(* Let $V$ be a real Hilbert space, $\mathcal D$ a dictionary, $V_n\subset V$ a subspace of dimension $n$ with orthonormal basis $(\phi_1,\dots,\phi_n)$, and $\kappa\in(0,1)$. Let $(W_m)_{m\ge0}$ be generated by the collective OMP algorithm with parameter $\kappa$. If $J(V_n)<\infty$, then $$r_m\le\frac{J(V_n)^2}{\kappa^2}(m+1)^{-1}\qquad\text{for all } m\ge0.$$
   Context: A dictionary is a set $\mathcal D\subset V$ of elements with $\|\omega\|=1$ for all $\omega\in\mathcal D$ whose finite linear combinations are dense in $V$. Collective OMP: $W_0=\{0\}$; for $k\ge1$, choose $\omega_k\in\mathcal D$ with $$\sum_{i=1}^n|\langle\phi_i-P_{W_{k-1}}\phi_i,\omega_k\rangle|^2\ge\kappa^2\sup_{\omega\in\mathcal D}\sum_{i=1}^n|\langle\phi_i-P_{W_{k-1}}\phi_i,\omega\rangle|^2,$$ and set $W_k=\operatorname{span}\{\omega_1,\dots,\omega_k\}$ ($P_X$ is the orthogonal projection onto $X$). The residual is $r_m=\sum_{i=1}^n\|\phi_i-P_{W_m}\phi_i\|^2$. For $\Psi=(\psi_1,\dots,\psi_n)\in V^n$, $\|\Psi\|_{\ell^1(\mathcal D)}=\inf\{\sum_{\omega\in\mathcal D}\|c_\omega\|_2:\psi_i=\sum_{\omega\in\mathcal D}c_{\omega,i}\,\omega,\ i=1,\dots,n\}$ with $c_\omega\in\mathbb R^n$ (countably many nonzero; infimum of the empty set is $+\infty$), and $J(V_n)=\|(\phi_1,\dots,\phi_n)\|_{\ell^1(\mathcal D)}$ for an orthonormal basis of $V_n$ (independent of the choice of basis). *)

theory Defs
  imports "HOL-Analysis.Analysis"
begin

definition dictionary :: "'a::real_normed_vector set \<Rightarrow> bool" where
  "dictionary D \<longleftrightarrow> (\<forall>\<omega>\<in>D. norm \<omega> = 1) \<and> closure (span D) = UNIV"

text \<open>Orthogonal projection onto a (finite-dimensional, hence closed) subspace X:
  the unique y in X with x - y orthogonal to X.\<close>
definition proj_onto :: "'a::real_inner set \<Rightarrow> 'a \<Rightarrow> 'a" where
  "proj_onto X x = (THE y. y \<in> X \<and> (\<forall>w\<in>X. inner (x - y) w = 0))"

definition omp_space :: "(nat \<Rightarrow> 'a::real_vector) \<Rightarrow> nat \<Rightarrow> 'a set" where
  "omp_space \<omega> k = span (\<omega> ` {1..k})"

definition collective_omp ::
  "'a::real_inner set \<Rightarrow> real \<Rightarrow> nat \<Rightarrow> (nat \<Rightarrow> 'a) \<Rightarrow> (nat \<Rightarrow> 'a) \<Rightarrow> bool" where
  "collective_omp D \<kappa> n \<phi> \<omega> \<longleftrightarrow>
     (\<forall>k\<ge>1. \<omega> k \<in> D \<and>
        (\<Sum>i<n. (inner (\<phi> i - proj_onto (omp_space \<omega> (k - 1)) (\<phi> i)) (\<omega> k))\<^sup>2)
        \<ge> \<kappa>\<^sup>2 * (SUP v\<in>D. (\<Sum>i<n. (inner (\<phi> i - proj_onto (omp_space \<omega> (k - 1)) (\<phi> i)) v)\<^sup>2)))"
----------------------------------------
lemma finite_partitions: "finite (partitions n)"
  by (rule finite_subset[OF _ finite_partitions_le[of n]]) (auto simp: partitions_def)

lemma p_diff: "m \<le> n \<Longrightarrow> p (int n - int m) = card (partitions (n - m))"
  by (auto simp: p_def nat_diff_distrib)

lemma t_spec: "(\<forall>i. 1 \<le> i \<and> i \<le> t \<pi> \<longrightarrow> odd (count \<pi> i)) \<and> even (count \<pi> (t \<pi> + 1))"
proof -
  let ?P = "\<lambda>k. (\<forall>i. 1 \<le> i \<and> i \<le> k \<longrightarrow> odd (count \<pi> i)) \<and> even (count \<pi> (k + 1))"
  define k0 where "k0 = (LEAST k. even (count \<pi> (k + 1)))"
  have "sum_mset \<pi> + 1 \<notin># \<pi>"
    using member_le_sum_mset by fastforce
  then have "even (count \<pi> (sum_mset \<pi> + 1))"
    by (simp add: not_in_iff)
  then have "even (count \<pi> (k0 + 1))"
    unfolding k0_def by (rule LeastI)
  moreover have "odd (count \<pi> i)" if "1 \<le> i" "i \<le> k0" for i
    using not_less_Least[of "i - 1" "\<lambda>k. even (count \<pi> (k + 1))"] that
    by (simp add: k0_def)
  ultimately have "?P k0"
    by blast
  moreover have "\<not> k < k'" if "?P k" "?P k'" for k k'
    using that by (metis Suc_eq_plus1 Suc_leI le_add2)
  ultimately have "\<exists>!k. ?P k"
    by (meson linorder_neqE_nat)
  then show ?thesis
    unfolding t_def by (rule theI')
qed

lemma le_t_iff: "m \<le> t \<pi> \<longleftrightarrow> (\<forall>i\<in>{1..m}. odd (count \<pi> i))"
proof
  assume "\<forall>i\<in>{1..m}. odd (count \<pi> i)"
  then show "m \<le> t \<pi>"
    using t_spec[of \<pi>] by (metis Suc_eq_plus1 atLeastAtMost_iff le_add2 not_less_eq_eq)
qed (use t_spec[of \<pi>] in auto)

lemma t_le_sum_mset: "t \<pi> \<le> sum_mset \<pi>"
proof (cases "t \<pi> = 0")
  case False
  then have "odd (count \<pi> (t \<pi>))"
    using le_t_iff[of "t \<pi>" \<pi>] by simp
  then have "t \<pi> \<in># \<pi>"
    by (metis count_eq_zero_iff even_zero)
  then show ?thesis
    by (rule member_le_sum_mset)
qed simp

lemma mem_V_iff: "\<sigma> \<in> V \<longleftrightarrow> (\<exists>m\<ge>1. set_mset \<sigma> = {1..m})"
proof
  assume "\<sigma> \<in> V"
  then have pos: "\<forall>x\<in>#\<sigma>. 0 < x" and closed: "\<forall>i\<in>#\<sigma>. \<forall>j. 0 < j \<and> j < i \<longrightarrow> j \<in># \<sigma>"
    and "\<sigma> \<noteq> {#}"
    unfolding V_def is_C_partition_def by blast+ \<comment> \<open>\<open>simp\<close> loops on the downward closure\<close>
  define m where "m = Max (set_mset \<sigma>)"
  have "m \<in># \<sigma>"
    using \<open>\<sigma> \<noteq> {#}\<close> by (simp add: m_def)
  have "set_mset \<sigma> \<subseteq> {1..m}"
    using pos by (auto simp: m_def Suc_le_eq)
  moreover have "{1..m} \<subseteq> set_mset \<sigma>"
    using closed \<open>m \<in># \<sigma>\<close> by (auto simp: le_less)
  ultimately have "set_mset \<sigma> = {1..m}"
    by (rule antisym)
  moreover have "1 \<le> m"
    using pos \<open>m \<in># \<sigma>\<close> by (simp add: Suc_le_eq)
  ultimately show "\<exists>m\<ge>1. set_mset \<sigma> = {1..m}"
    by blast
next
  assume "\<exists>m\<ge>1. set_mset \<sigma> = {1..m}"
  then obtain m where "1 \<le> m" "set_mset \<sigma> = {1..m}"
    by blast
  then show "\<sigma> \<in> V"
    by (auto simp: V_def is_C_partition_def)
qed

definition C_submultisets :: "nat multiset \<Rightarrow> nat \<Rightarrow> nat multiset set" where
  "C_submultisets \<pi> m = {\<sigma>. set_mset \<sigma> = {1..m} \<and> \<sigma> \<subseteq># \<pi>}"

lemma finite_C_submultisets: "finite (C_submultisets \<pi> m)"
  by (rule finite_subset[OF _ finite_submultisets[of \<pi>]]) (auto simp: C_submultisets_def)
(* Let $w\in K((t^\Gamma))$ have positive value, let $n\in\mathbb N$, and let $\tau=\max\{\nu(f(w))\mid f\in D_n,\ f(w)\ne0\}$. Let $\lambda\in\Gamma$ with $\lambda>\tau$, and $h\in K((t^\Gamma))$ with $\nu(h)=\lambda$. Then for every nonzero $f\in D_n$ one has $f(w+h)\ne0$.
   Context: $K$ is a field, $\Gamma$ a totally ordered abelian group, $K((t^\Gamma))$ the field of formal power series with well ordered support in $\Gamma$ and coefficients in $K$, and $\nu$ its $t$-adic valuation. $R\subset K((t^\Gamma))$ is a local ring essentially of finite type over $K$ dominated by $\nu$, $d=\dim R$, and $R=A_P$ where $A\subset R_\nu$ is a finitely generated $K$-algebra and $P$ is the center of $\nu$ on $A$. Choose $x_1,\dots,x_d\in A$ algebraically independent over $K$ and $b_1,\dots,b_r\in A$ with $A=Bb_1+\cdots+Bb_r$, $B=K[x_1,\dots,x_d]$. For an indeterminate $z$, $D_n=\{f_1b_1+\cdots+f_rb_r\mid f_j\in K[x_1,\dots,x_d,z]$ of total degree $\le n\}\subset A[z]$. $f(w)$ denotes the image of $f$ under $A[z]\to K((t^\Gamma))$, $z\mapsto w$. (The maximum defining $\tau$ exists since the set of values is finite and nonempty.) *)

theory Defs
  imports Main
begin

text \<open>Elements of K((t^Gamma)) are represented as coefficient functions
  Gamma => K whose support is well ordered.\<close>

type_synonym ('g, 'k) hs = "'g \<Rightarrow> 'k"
----------------------------------------
Among the entries above, copy exactly only the lines starting with the one containing "imports Main" and going through the one containing "type_synonym ('g, 'k)", both ends included.

▶ [Exercise solution]
  imports Main
begin

text \<open>Elements of K((t^Gamma)) are represented as coefficient functions
  Gamma => K whose support is well ordered.\<close>

type_synonym ('g, 'k) hs = "'g \<Rightarrow> 'k"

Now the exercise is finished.